Using a MapReduce Architecture to make a posting list

  • Goals:
    1. To teach you how to make a posting list with a distributed MapReduce architecture on a BIG cluster.
  • Groups: This can be done in groups of 1, 2 or 3.
  • Reusing code: This assignment will probably build on your task 29 code. You are welcome to use Hadoop examples as the basis for this project. Use code found over the Internet at your own peril -- it may not do exactly what the assignment requests. If you do end up using code you find on the Internet, you must disclose the origin of the code.
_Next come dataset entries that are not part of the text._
lemma (in path_wellorder) nn_integral_nu_edge_fun_upd_le:
  assumes \<mu>: "finite_measure \<mu>" and A: "A \<in> sets \<mu>" and B: "B \<in> sets \<mu>"
    and B_below_A: "\<forall>s\<in>B. \<forall>t\<in>A. s < t"
  shows "(\<integral>\<^sup>+t. measure \<mu> B * nu_edge R d (w(e := t)) x A e \<partial>\<mu>)
       \<le> (\<integral>\<^sup>+t. measure \<mu> A * nu_edge R d (w(e := t)) x B e \<partial>\<mu>)"
proof (cases "\<exists>t0\<in>A. e \<in> set (path_edges (first_geodesic R d (w(e := t0)) x))")
  case True
  then obtain t0 where t0: "t0 \<in> A"
    and e: "e \<in> set (path_edges (first_geodesic R d (w(e := t0)) x))" by blast
  define \<kappa> where "\<kappa> = 1 / real (length (path_edges (first_geodesic R d (w(e := t0)) x)))"
  have A_le: "ennreal (nu_edge R d (w(e := t)) x A e) \<le> ennreal \<kappa> * indicator A t" for t
    using first_geodesic_fun_upd_eq[of e d w t x t0] e
    by (auto simp: nu_edge_def \<kappa>_def Let_def indicator_def)
  have B_eq: "ennreal (nu_edge R d (w(e := s)) x B e) = ennreal \<kappa> * indicator B s" for s
    using first_geodesic_lower_edge[OF e, of s] B_below_A t0 e
    by (auto simp: nu_edge_def \<kappa>_def Let_def indicator_def)
  interpret finite_measure \<mu> by (rule \<mu>)
  have "(\<integral>\<^sup>+t. measure \<mu> B * nu_edge R d (w(e := t)) x A e \<partial>\<mu>)
      \<le> (\<integral>\<^sup>+t. ennreal (measure \<mu> B * \<kappa>) * indicator A t \<partial>\<mu>)"
    using A_le by (intro nn_integral_mono) (simp add: ennreal_mult' mult.assoc mult_left_mono)
  also have "\<dots> = ennreal (measure \<mu> B * \<kappa>) * measure \<mu> A"
    using A by (simp add: nn_integral_cmult_indicator emeasure_eq_measure)
  also have "\<dots> = ennreal (measure \<mu> A * \<kappa>) * measure \<mu> B"
    by (simp add: ennreal_mult'[symmetric] ac_simps)
  also have "\<dots> = (\<integral>\<^sup>+t. ennreal (measure \<mu> A * \<kappa>) * indicator B t \<partial>\<mu>)"
    using B by (simp add: nn_integral_cmult_indicator emeasure_eq_measure)
  also have "\<dots> = (\<integral>\<^sup>+t. measure \<mu> A * nu_edge R d (w(e := t)) x B e \<partial>\<mu>)"
    by (intro nn_integral_cong) (simp add: B_eq ennreal_mult' mult.assoc)
  finally show ?thesis .
next
  case False
  then have "nu_edge R d (w(e := t)) x A e = 0" for t by (auto simp: nu_edge_def Let_def)
  then show ?thesis by simp
qed

locale fpp_environment = path_wellorder R for R +
  fixes d :: nat and \<mu> :: "real measure"
  assumes prob_space_\<mu>: "prob_space \<mu>" and sets_\<mu>: "sets \<mu> = sets borel"
begin

lemma prob_space_env: "prob_space (env d \<mu>)"
  unfolding env_def by (rule prob_space_PiM) (use prob_space_\<mu> in auto)

lemma measurable_edge_weight: "e \<in> Ed d \<Longrightarrow> (\<lambda>w. w e) \<in> borel_measurable (env d \<mu>)"
  unfolding env_def
  using measurable_component_singleton[of e "Ed d" "\<lambda>_. \<mu>"] measurable_cong_sets[OF refl sets_\<mu>]
  by blast

lemma borel_measurable_passage:
  assumes "sa_path d q a b"
  shows "(\<lambda>w. passage w q) \<in> borel_measurable (env d \<mu>)"
proof -
  let ?l = "path_edges q"
  have "set ?l \<subseteq> Ed d" using assms by (simp add: sa_path_def)
  then have "(\<lambda>w. \<Sum>i<length ?l. w (?l ! i)) \<in> borel_measurable (env d \<mu>)"
    by (intro borel_measurable_sum measurable_edge_weight) (use nth_mem in blast)
  then show ?thesis by (simp add: passage_def sum_list_sum_nth atLeast0LessThan)
qed

lemma pred_in_geodesics: "Measurable.pred (env d \<mu>) (\<lambda>w. p \<in> geodesics d w x)"
proof (cases "sa_path d p origin x")
  case True
  have "Measurable.pred (env d \<mu>) (\<lambda>w. \<forall>q\<in>{q. sa_path d q origin x}. passage w p \<le> passage w q)"
  proof (intro measurable_pred_countable countable_sa_paths)
    fix q assume "q \<in> {q. sa_path d q origin x}"
    then show "Measurable.pred (env d \<mu>) (\<lambda>w. passage w p \<le> passage w q)"
      unfolding pred_def using True by (intro borel_measurable_le borel_measurable_passage) auto
  qed
  with True show ?thesis by (simp add: geodesics_def)
qed (simp add: geodesics_def)

lemma measurable_first_geodesic:
  "(\<lambda>w. first_geodesic R d w x) \<in> measurable (env d \<mu>) (count_space (insert [] {q. sa_path d q origin x}))"
proof -
  let ?P = "{q. sa_path d q origin x}"
  have "Measurable.pred (env d \<mu>) (\<lambda>w. first_geodesic R d w x = p)" if "p \<in> insert [] ?P" for p
  proof (cases "p = []")
    case True
    have "first_geodesic R d w x = [] \<longleftrightarrow> (\<forall>q\<in>?P. q \<notin> geodesics d w x)" for w
      unfolding first_geodesic_eq_Nil_iff by (auto simp: geodesics_def)
    then show ?thesis using True
      by (simp only:) (intro measurable_pred_countable countable_sa_paths pred_intros_logic pred_in_geodesics)
  next
    case False
    then have "first_geodesic R d w x = p \<longleftrightarrow>
        p \<in> geodesics d w x \<and> (\<forall>q\<in>?P. q \<in> geodesics d w x \<longrightarrow> (p, q) \<in> R)" for w
      using that first_geodesic_eq_iff by (auto simp: geodesics_def)
    then show ?thesis
      by (simp only:) (intro measurable_pred_countable countable_sa_paths pred_intros_logic
          pred_in_geodesics measurable_const; simp)
  qed
  moreover have "first_geodesic R d w x \<in> insert [] ?P" for w
    using sa_path_first_geodesic by auto
  ultimately show ?thesis
    unfolding measurable_count_space_eq_countable[OF countable_insert[OF countable_sa_paths]]
    by (simp add: pred_def vimage_def Int_def conj_commute)
qed

lemma borel_measurable_nu_edge:
  assumes e: "e \<in> Ed d" and A: "A \<in> sets borel"
  shows "(\<lambda>w. nu_edge R d w x A e) \<in> borel_measurable (env d \<mu>)"
proof -
  have [measurable]: "(\<lambda>w. w e) \<in> borel_measurable (env d \<mu>)" "A \<in> sets borel"
    using measurable_edge_weight[OF e] A .
  have "(\<lambda>w. (\<lambda>p w. if e \<in> set (path_edges p) \<and> w e \<in> A then 1 / real (length (path_edges p)) else 0)
      (first_geodesic R d w x) w) \<in> borel_measurable (env d \<mu>)"
    by (rule measurable_compose_countable'[OF _ measurable_first_geodesic])
      (simp_all add: countable_sa_paths)
  then show ?thesis by (simp add: nu_edge_def Let_def)
qed

lemma nn_integral_nu_eq:
  assumes A: "A \<in> sets borel"
  shows "(\<integral>\<^sup>+w. nu R d w x A \<partial>env d \<mu>)
    = (\<integral>\<^sup>+e. \<integral>\<^sup>+w. nu_edge R d w x A e \<partial>env d \<mu> \<partial>count_space (Ed d))"
proof -
  have "ennreal (nu R d w x A) = (\<integral>\<^sup>+e. nu_edge R d w x A e \<partial>count_space (Ed d))" for w
  proof -
    let ?S = "set (path_edges (first_geodesic R d w x))"
    have "?S \<subseteq> Ed d"
      using sa_path_first_geodesic[of d w x] by (cases "first_geodesic R d w x = []") (auto simp: sa_path_def)
    then have "(\<integral>\<^sup>+e. nu_edge R d w x A e \<partial>count_space (Ed d)) = (\<Sum>e\<in>?S. ennreal (nu_edge R d w x A e))"
      by (intro nn_integral_count_space') (auto simp: nu_edge_def Let_def)
    then show ?thesis
      by (simp add: nu_eq_sum_nu_edge nu_edge_def Let_def sum_ennreal)
  qed
  then have "(\<integral>\<^sup>+w. nu R d w x A \<partial>env d \<mu>)
      = (\<integral>\<^sup>+w. \<integral>\<^sup>+e. nu_edge R d w x A e \<partial>count_space (Ed d) \<partial>env d \<mu>)"
    by simp
  also have "\<dots> = (\<integral>\<^sup>+e. \<integral>\<^sup>+w. nu_edge R d w x A e \<partial>env d \<mu> \<partial>count_space (Ed d))"
    using A by (intro nn_integral_count_space_nn_integral countable_Ed
        measurable_compose[OF borel_measurable_nu_edge measurable_ennreal])
  finally show ?thesis .
qed

lemma nn_integral_nu_edge_le:
  assumes e: "e \<in> Ed d" and A: "A \<in> sets borel" and B: "B \<in> sets borel"
    and B_below_A: "\<forall>s\<in>B. \<forall>t\<in>A. s < t"
  shows "measure \<mu> B * (\<integral>\<^sup>+w. nu_edge R d w x A e \<partial>env d \<mu>)
       \<le> measure \<mu> A * (\<integral>\<^sup>+w. nu_edge R d w x B e \<partial>env d \<mu>)"
proof -
  interpret prob_space \<mu> by (rule prob_space_\<mu>)
  have resample: "(\<integral>\<^sup>+w. c * nu_edge R d w x A e \<partial>env d \<mu>)
      = (\<integral>\<^sup>+w. \<integral>\<^sup>+t. c * nu_edge R d (w(e := t)) x A e \<partial>\<mu> \<partial>PiM (Ed d - {e}) (\<lambda>_. \<mu>))"
    if "A \<in> sets borel" for c :: real and A
  proof -
    have [measurable]: "(\<lambda>w. nu_edge R d w x A e) \<in> borel_measurable (PiM (Ed d) (\<lambda>_. \<mu>))"
      using borel_measurable_nu_edge[OF e that] by (simp add: env_def)
    show ?thesis
      unfolding env_def by (rule nn_integral_PiM_fun_upd[OF prob_space_\<mu> e]) measurable
  qed
  have "measure \<mu> B * (\<integral>\<^sup>+w. nu_edge R d w x A e \<partial>env d \<mu>)
      = (\<integral>\<^sup>+w. measure \<mu> B * nu_edge R d w x A e \<partial>env d \<mu>)"
    using nn_integral_cmult[OF measurable_compose[OF borel_measurable_nu_edge[OF e A] measurable_ennreal]]
    by (simp add: ennreal_mult')
  also have "\<dots> \<le> (\<integral>\<^sup>+w. measure \<mu> A * nu_edge R d w x B e \<partial>env d \<mu>)"
    unfolding resample[OF A] resample[OF B] using A B sets_\<mu> B_below_A
    by (intro nn_integral_mono nn_integral_nu_edge_fun_upd_le) (simp_all add: finite_measure_axioms)
  also have "\<dots> = measure \<mu> A * (\<integral>\<^sup>+w. nu_edge R d w x B e \<partial>env d \<mu>)"
    using nn_integral_cmult[OF measurable_compose[OF borel_measurable_nu_edge[OF e B] measurable_ennreal]]
    by (simp add: ennreal_mult')
  finally show ?thesis .
qed
section \<open>Moments of the walk\<close>

lemma merw_pmf_support:
  "finite (set_pmf (merw_pmf d p n))
    \<and> (\<forall>xs\<in>set_pmf (merw_pmf d p n). length xs = n \<and> (\<forall>x\<in>set xs. axial x))"
proof (induction n rule: induct_nat_012)
  case 0
  show ?case by simp
next
  case 1
  show ?case
    using d_ge_1 axial_axis_units
    by (auto simp: first_step_pmf_eq set_pmf_of_set finite_axis_units axis_units_nonempty)
next
  case (ge2 n)
  have "length xs = Suc (Suc n) \<and> (\<forall>x\<in>set xs. axial x)"
    if "xs \<in> set_pmf (merw_pmf d p (Suc (Suc n)))" for xs
  proof -
    from that obtain ys y where ys: "ys \<in> set_pmf (merw_pmf d p (Suc n))"
      and y: "y \<in> set_pmf (next_step_pmf d p ys)" and xs: "xs = ys @ [y]"
      by auto
    have len: "length ys = Suc n" and axial_ys: "\<forall>x\<in>set ys. axial x"
      using ge2.IH(2) ys by auto
    then obtain b A where "b < length ys" "A \<in> set_pmf (A_pmf d p)" "y = mat_vec d A (ys ! b)"
      using y by (subst (asm) set_pmf_next_step_pmf) auto
    then have "axial y"
      using axial_ys by (auto intro!: axial_mat_vec_A_pmf)
    then show ?thesis
      using xs len axial_ys by auto
  qed
  moreover have "finite (set_pmf (merw_pmf d p (Suc (Suc n))))"
  proof -
    have "ys \<noteq> []" if "ys \<in> set_pmf (merw_pmf d p (Suc n))" for ys
      using ge2.IH(2) that by force
    then show ?thesis
      using ge2.IH(2) by (auto intro!: finite_imageI finite_set_pmf_next_step_pmf)
  qed
  ultimately show ?case by blast
qed

lemma finite_set_pmf_merw_pmf: "finite (set_pmf (merw_pmf d p n))"
  and length_merw_pmf: "xs \<in> set_pmf (merw_pmf d p n) \<Longrightarrow> length xs = n"
  and axial_merw_pmf: "xs \<in> set_pmf (merw_pmf d p n) \<Longrightarrow> x \<in> set xs \<Longrightarrow> axial x"
  using merw_pmf_support by blast+

lemma integrable_merw_pmf [simp]: "integrable (measure_pmf (merw_pmf d p n)) (f :: _ \<Rightarrow> real)"
  by (rule integrable_measure_pmf_finite[OF finite_set_pmf_merw_pmf])

lemma integrable_next_step_pmf [simp]:
  "xs \<noteq> [] \<Longrightarrow> integrable (measure_pmf (next_step_pmf d p xs)) (f :: _ \<Rightarrow> real)"
  by (rule integrable_measure_pmf_finite[OF finite_set_pmf_next_step_pmf])

lemma integral_merw_pmf_Suc:
  fixes g h :: "(nat \<Rightarrow> real) list \<Rightarrow> real"
  assumes "n \<ge> 1"
    and "\<And>xs. length xs = n \<Longrightarrow> xs \<noteq> [] \<Longrightarrow> \<forall>x\<in>set xs. axial x \<Longrightarrow>
           (\<integral>y. g (xs @ [y]) \<partial>measure_pmf (next_step_pmf d p xs)) = h xs"
  shows "(\<integral>xs. g xs \<partial>measure_pmf (merw_pmf d p (Suc n))) = (\<integral>xs. h xs \<partial>measure_pmf (merw_pmf d p n))"
proof -
  obtain m where m: "n = Suc m" using assms(1) by (cases n) auto
  have nonempty: "xs \<noteq> []" if "xs \<in> set_pmf (merw_pmf d p n)" for xs
    using length_merw_pmf[OF that] assms(1) by auto
  have "(\<integral>xs. g xs \<partial>measure_pmf (merw_pmf d p (Suc n)))
      = (\<integral>xs. (\<integral>y. g (xs @ [y]) \<partial>measure_pmf (next_step_pmf d p xs)) \<partial>measure_pmf (merw_pmf d p n))"
    unfolding m merw_pmf.simps
    by (subst integral_bind_pmf_finite)
       (auto simp: finite_set_pmf_merw_pmf finite_set_pmf_next_step_pmf m[symmetric] nonempty)
  also have "\<dots> = (\<integral>xs. h xs \<partial>measure_pmf (merw_pmf d p n))"
    using assms(2) length_merw_pmf axial_merw_pmf nonempty
    by (intro integral_cong_AE AE_pmfI) auto
  finally show ?thesis .
qed
(* On $\mathbb{R}^k\times\mathbb{T}^n$ with coordinates $(x,\theta)=(x_1,\dots,x_k,\theta_1,\dots,\theta_n)$ consider the vector field $X=\xi+T$, where $\xi=\sum_{j=1}^k x_j\,\partial/\partial x_j$ and $T=\sum_{r=1}^n a_r\,\partial/\partial\theta_r$ with $a_1,\dots,a_n\in\mathbb{R}$ rationally independent. Then the set $\mathcal{L}_X$ of all smooth vector fields on $\mathbb{R}^k\times\mathbb{T}^n$ which commute with $X$ is a Lie algebra of dimension $k^2+n$ with basis $$\left\{ x_j\frac{\partial}{\partial x_\lambda},\ \frac{\partial}{\partial\theta_r}\right\},\quad j,\lambda=1,\dots,k;\ r=1,\dots,n.$$
   Context: A vector field $T=\sum_r a_r\partial/\partial\theta_r$ with constant coefficients on $\mathbb{T}^n$ is called affine; it is called dense when $a_1,\dots,a_n$ are rationally independent (equivalently its trajectories are dense). *)

theory Defs
  imports "HOL-Analysis.Analysis"
begin

text \<open>Points of R^k x T^n are represented by their lifts (x, theta) in R^k x R^n;
  the torus is R^n / Z^n (period 1 in each angle coordinate). A vector field on
  R^k x T^n is a map Y : R^k x R^n -> R^k x R^n that is Z^n-periodic in theta.\<close>

type_synonym ('k, 'n) pt = "(real^'k) \<times> (real^'n)"
type_synonym ('k, 'n) vf = "('k, 'n) pt \<Rightarrow> ('k, 'n) pt"

coinductive smooth_fun :: "('a::euclidean_space \<Rightarrow> real) \<Rightarrow> bool" where
  "(\<forall>x. f differentiable (at x)) \<Longrightarrow>
   (\<forall>i\<in>Basis. smooth_fun (\<lambda>x. frechet_derivative f (at x) i)) \<Longrightarrow> smooth_fun f"

definition smooth_map :: "('a::euclidean_space \<Rightarrow> 'b::euclidean_space) \<Rightarrow> bool" where
  "smooth_map f \<longleftrightarrow> (\<forall>b\<in>Basis. smooth_fun (\<lambda>x. f x \<bullet> b))"

definition torus_periodic :: "('k::finite, 'n::finite) vf \<Rightarrow> bool" where
  "torus_periodic Y \<longleftrightarrow> (\<forall>x \<theta> r. Y (x, \<theta> + axis r 1) = Y (x, \<theta>))"

definition smooth_vf :: "('k::finite, 'n::finite) vf \<Rightarrow> bool" where
  "smooth_vf Y \<longleftrightarrow> smooth_map Y \<and> torus_periodic Y"

definition lie_bracket :: "('a::euclidean_space \<Rightarrow> 'a) \<Rightarrow> ('a \<Rightarrow> 'a) \<Rightarrow> 'a \<Rightarrow> 'a" where
  "lie_bracket Y Z p = frechet_derivative Z (at p) (Y p) - frechet_derivative Y (at p) (Z p)"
Concealing the origin of a piece of code is plagiarism.
  • Discussion: Use the Message Board for general questions whose answers can benefit you and everyone.
  • Write a program to be executed by Hadoop:
    • Input:
      • on the distributed file system there will be files in a directory called /user/common/large. This is the result of the full crawl of flatricidepulgamitudepedia that Prof. Patterson did. It has a bunch of garbage words eliminated and about 5% of the crawl didn't complete due to network errors. But the rest is there.
      • The format of the file will be <doc_id>:<word>:<word_count> One entry per line. Multiple entries with the same (doc_id,word) pair may be present. They should be summed in your deliverable.
    • Your work:
      • Make a posting list with an alphabetized list of words found in your corpus, the documents in which they occur and their frequency in each document. Alphabetize according to native Java sorting functions.
  • Guides
  • Submitting your assignment
    1. Each individual, even if you are working in a group, will take a quiz which asks you to answer 10 questions about the posting list. Your group-mates can help you, but they are not required to. Each person should be able to run the required programs and work with the required data individually.
    2. The quiz will be administered via the EEE quiz mechanism.
    3. The questions will be of the form:
      • What is the document frequency of word X?
      • What is the term frequency of word X in document Y?
  • Evaluation:
    1. Correctness: Did you get the right answer?
    2. Due date: 03/11 11:59pm
    3. This is an assigment grade